■ Directions
Reproduce word for word, from the entries below, the line with "u) \<le> ln", the line with "using x by (auto intro!: derivative_eq_intros simp: field_simps", and every line between them, and nothing more.
(Material for this task begins)
text \<open>
  Put X = x(n), Y = x(n+1) and t = 1/n. The left-hand side is exp Y + exp (-X), and
  (n + 2) Y = n X + ln ((n + 2)/(n + 1)) expresses Y through X. The elementary Stirling
  bounds n ln n - n + 1 \<le> ln n! \<le> (n + 1/2) ln n - n + 1 confine X to the interval
  [t - t^2 - t^2 ln n / 2, t - t^2/2]. A fourth order Taylor bound reduces
  exp Y + exp (-X) - 2 to Y - X + X Y up to O(t^4); times 1 + 2t this is a convex quadratic
  in X whose vertex lies right of that interval, so it is largest at the lower end, where it
  is -t^3/2 + O(t^3 (ln n)^2 / n). This beats -25 t^3/72 as soon as (ln n)^2 \<le> n/5.
  The bound so obtained does not need the n^-5 term of the statement, which is positive but
  smaller than the n^-3 term.
\<close>

lemma ln_add_one_ge:
  fixes u :: real
  assumes "0 \<le> u"
  shows "u - u^2/2 \<le> ln (1 + u)"
proof -
  let ?f = "\<lambda>x::real. ln (1 + x) - x + x^2/2"
  have "?f 0 \<le> ?f u"
  proof (rule DERIV_nonneg_imp_nondecreasing[OF assms])
    fix x :: real
    assume x: "0 \<le> x" "x \<le> u"
    have "(?f has_real_derivative (1/(1 + x) - 1 + x)) (at x)"
      using x by (auto intro!: derivative_eq_intros)
    moreover have "1/(1 + x) - 1 + x = x^2/(1 + x)"
      using x by (simp add: field_simps power2_eq_square)
    ultimately show "\<exists>y. (?f has_real_derivative y) (at x) \<and> 0 \<le> y"
      using x by auto
  qed
  then show ?thesis by simp
qed

lemma ln_add_one_le:
  fixes u :: real
  assumes "0 \<le> u"
  shows "ln (1 + u) \<le> u - u^2/2 + u^3/3"
proof -
  let ?f = "\<lambda>x::real. x - x^2/2 + x^3/3 - ln (1 + x)"
  have "?f 0 \<le> ?f u"
  proof (rule DERIV_nonneg_imp_nondecreasing[OF assms])
    fix x :: real
    assume x: "0 \<le> x" "x \<le> u"
    have "(?f has_real_derivative (1 - x + x^2 - 1/(1 + x))) (at x)"
      using x by (auto intro!: derivative_eq_intros simp: power2_eq_square)
    moreover have "1 - x + x^2 - 1/(1 + x) = x^3/(1 + x)"
      using x by (simp add: field_simps power2_eq_square power3_eq_cube)
    ultimately show "\<exists>y. (?f has_real_derivative y) (at x) \<and> 0 \<le> y"
      using x by auto
  qed
  then show ?thesis by simp
qed

lemma ln_add_one_ge_pade:
  fixes u :: real
  assumes "0 \<le> u"
  shows "2*u/(2 + u) \<le> ln (1 + u)"
proof -
  let ?f = "\<lambda>x::real. ln (1 + x) + 4/(2 + x)"
  have "?f 0 \<le> ?f u"
  proof (rule DERIV_nonneg_imp_nondecreasing[OF assms])
    fix x :: real
    assume x: "0 \<le> x" "x \<le> u"
    have "(?f has_real_derivative (1/(1 + x) - 4/(2 + x)^2)) (at x)"
      using x by (auto intro!: derivative_eq_intros simp: field_simps power2_eq_square)
    moreover have "1/(1 + x) - 4/(2 + x)^2 = x^2/((1 + x) * (2 + x)^2)"
      using x by (simp add: divide_simps) (simp add: algebra_simps power2_eq_square)
    ultimately show "\<exists>y. (?f has_real_derivative y) (at x) \<and> 0 \<le> y"
      using x by auto
  qed
  moreover have "2*u/(2 + u) = 2 - 4/(2 + u)"
    using assms by (simp add: field_simps)
  ultimately show ?thesis by simp
qed

lemma ln_le_half_self:
  fixes y :: real
  assumes "0 < y"
  shows "ln y \<le> y/2"
proof -
  have "ln y = ln (y/2) + ln 2"
    using assms by (simp add: ln_div)
  also have "\<dots> \<le> (y/2 - 1) + 1"
    using assms ln_le_minus_one[of "y/2"] ln_le_minus_one[of 2] by simp
  finally show ?thesis by simp
qed

lemma ln_squared_le:
  fixes x :: real
  assumes "400 \<le> x"
  shows "(ln x)^2 \<le> x/5"
proof -
  define y where "y = sqrt (sqrt x)"
  have x0: "0 < x" using assms by simp
  have y0: "0 < y" unfolding y_def using x0 by simp
  have "ln x = 4 * ln y"
    unfolding y_def using x0 by (simp add: ln_sqrt)
  also have "\<dots> \<le> 2 * y"
    using ln_le_half_self[OF y0] by simp
  finally have "(ln x)^2 \<le> (2 * y)^2"
    using assms by (intro power_mono) auto
  also have "\<dots> = 4 * sqrt x"
    unfolding y_def using x0 by (simp add: power2_eq_square)
  also have "\<dots> \<le> x/5"
  proof -
    have "20 \<le> sqrt x"
      using real_sqrt_le_mono[OF assms] by simp
    then have "20 * sqrt x \<le> sqrt x * sqrt x"
      by (rule mult_right_mono) (use x0 in simp)
    then show ?thesis using x0 by simp
  qed
  finally show ?thesis .
qed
(Material for this task ends)
■ Answer to this exercise
  shows "2*u/(2 + u) \<le> ln (1 + u)"
proof -
  let ?f = "\<lambda>x::real. ln (1 + x) + 4/(2 + x)"
  have "?f 0 \<le> ?f u"
  proof (rule DERIV_nonneg_imp_nondecreasing[OF assms])
    fix x :: real
    assume x: "0 \<le> x" "x \<le> u"
    have "(?f has_real_derivative (1/(1 + x) - 4/(2 + x)^2)) (at x)"
      using x by (auto intro!: derivative_eq_intros simp: field_simps power2_eq_square)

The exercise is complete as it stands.